[Assigned task] Below are the records; output them exactly from the first line through the line with "(real^'n \<Rightarrow> real)", stopping there.
[Recorded information Boundary: Start]
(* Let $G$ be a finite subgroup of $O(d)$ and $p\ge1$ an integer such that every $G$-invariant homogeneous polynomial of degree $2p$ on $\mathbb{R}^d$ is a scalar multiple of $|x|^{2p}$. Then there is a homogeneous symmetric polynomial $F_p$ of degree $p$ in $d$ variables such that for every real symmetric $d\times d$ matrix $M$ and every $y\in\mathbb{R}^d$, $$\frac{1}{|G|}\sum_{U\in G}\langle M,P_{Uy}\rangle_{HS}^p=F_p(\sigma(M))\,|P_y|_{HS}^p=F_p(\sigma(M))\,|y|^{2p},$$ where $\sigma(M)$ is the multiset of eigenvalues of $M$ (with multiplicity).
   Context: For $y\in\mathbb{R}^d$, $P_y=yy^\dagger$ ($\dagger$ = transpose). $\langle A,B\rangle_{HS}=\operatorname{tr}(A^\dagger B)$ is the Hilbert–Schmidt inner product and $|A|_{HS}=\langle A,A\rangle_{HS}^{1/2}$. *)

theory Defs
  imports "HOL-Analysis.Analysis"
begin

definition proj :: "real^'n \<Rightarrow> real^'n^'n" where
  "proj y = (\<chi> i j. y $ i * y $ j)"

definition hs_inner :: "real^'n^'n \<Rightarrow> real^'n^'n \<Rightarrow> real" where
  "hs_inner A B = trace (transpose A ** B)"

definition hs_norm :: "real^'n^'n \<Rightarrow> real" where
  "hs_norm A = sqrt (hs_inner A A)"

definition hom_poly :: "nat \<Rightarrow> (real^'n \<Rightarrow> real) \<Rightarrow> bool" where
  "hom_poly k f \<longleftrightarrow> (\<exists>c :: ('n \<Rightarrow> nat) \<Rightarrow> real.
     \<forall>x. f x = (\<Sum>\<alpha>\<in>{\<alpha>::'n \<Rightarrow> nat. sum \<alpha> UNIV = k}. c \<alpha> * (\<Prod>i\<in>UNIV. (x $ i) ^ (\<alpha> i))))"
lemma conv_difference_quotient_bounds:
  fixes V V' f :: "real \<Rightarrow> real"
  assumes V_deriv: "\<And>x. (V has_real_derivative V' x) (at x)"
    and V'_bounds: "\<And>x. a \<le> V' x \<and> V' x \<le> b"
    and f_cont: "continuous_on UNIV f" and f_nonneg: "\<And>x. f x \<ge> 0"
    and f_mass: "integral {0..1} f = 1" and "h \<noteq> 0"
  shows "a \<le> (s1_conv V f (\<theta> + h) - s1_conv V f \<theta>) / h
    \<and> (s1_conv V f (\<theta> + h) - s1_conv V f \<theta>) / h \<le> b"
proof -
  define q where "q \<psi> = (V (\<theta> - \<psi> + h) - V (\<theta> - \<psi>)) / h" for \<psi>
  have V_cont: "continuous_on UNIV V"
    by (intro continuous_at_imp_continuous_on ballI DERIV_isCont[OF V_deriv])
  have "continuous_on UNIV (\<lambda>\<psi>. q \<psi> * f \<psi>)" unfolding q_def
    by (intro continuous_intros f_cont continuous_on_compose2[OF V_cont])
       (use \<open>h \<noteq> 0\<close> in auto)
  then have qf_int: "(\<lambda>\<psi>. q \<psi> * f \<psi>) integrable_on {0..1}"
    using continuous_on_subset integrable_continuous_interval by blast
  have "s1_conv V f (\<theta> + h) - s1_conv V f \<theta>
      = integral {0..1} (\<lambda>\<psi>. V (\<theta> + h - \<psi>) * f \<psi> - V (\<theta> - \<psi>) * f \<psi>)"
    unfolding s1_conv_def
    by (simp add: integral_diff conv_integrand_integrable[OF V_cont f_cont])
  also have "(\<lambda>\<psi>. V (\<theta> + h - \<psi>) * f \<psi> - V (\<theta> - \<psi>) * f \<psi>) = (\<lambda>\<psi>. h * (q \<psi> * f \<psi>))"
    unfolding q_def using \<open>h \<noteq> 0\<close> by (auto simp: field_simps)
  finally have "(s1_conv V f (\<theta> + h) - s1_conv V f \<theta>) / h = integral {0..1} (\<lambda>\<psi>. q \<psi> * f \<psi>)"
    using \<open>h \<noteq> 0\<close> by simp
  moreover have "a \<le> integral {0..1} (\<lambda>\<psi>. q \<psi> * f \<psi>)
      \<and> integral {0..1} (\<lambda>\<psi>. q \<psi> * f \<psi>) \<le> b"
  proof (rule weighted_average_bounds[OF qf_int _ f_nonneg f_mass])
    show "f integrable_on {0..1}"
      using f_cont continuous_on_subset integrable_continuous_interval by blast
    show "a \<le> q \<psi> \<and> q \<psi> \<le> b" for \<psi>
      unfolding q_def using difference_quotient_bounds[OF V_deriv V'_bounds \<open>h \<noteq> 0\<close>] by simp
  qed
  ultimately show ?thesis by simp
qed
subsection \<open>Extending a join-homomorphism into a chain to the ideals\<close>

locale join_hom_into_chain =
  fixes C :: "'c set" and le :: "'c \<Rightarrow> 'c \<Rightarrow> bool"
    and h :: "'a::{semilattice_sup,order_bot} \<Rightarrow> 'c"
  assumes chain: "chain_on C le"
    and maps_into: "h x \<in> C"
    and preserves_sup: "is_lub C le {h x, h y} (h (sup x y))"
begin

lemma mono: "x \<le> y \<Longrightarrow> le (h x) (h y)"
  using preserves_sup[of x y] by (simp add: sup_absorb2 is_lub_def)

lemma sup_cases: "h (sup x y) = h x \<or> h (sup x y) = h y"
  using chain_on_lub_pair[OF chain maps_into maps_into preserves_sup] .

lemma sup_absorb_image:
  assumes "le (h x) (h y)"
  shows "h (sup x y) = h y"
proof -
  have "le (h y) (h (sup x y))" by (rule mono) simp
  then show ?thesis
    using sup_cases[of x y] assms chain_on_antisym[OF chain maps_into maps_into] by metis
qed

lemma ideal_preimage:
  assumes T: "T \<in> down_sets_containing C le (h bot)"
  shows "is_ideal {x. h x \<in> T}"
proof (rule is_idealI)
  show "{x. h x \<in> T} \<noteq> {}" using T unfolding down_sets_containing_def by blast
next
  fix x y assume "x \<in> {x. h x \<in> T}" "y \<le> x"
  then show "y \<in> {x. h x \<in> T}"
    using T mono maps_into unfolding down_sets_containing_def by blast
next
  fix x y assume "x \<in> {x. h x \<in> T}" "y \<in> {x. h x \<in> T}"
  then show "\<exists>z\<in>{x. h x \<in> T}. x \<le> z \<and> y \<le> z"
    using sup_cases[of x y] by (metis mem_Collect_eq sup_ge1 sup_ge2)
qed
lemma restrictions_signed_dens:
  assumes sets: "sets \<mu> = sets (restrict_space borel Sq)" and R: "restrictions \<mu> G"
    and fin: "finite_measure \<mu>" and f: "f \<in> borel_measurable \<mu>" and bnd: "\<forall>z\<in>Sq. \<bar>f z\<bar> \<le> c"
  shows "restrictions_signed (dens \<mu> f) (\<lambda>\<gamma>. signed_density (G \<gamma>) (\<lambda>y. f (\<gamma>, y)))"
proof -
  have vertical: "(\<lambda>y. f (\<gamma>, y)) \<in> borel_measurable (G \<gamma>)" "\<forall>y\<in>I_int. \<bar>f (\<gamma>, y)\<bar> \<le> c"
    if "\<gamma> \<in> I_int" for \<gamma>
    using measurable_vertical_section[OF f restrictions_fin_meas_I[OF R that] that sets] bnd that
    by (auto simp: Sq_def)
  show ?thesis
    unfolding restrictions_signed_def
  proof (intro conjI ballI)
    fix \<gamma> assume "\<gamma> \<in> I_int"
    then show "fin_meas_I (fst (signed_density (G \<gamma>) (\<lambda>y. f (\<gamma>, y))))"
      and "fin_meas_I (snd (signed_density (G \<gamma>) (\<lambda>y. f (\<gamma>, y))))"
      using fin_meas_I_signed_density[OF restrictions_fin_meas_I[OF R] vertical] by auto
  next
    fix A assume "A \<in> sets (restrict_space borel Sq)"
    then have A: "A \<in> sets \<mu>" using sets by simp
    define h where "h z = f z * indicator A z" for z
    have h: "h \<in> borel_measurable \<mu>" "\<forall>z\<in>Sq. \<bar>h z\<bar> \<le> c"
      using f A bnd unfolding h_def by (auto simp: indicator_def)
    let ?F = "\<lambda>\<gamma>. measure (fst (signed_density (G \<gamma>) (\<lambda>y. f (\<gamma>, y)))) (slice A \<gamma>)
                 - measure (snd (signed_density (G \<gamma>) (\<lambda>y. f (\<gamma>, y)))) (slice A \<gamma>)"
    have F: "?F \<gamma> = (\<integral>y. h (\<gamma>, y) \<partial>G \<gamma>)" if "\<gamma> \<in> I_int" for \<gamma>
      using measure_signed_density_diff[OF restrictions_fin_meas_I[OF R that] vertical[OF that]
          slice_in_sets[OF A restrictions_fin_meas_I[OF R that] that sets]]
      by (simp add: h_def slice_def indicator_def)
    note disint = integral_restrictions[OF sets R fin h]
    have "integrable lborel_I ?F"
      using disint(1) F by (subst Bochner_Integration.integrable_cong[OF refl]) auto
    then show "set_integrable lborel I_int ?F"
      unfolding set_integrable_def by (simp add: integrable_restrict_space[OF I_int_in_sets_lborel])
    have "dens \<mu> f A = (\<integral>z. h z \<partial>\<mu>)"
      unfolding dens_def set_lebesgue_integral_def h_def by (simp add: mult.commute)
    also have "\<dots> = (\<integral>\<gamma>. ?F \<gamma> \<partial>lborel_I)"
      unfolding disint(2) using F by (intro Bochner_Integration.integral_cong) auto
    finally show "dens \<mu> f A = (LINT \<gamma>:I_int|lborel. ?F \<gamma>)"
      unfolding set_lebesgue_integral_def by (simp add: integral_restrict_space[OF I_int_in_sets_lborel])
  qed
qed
[Recorded information Boundary: End]
[Expected output]
(* Let $G$ be a finite subgroup of $O(d)$ and $p\ge1$ an integer such that every $G$-invariant homogeneous polynomial of degree $2p$ on $\mathbb{R}^d$ is a scalar multiple of $|x|^{2p}$. Then there is a homogeneous symmetric polynomial $F_p$ of degree $p$ in $d$ variables such that for every real symmetric $d\times d$ matrix $M$ and every $y\in\mathbb{R}^d$, $$\frac{1}{|G|}\sum_{U\in G}\langle M,P_{Uy}\rangle_{HS}^p=F_p(\sigma(M))\,|P_y|_{HS}^p=F_p(\sigma(M))\,|y|^{2p},$$ where $\sigma(M)$ is the multiset of eigenvalues of $M$ (with multiplicity).
   Context: For $y\in\mathbb{R}^d$, $P_y=yy^\dagger$ ($\dagger$ = transpose). $\langle A,B\rangle_{HS}=\operatorname{tr}(A^\dagger B)$ is the Hilbert–Schmidt inner product and $|A|_{HS}=\langle A,A\rangle_{HS}^{1/2}$. *)

theory Defs
  imports "HOL-Analysis.Analysis"
begin

definition proj :: "real^'n \<Rightarrow> real^'n^'n" where
  "proj y = (\<chi> i j. y $ i * y $ j)"

definition hs_inner :: "real^'n^'n \<Rightarrow> real^'n^'n \<Rightarrow> real" where
  "hs_inner A B = trace (transpose A ** B)"

definition hs_norm :: "real^'n^'n \<Rightarrow> real" where
  "hs_norm A = sqrt (hs_inner A A)"

definition hom_poly :: "nat \<Rightarrow> (real^'n \<Rightarrow> real) \<Rightarrow> bool" where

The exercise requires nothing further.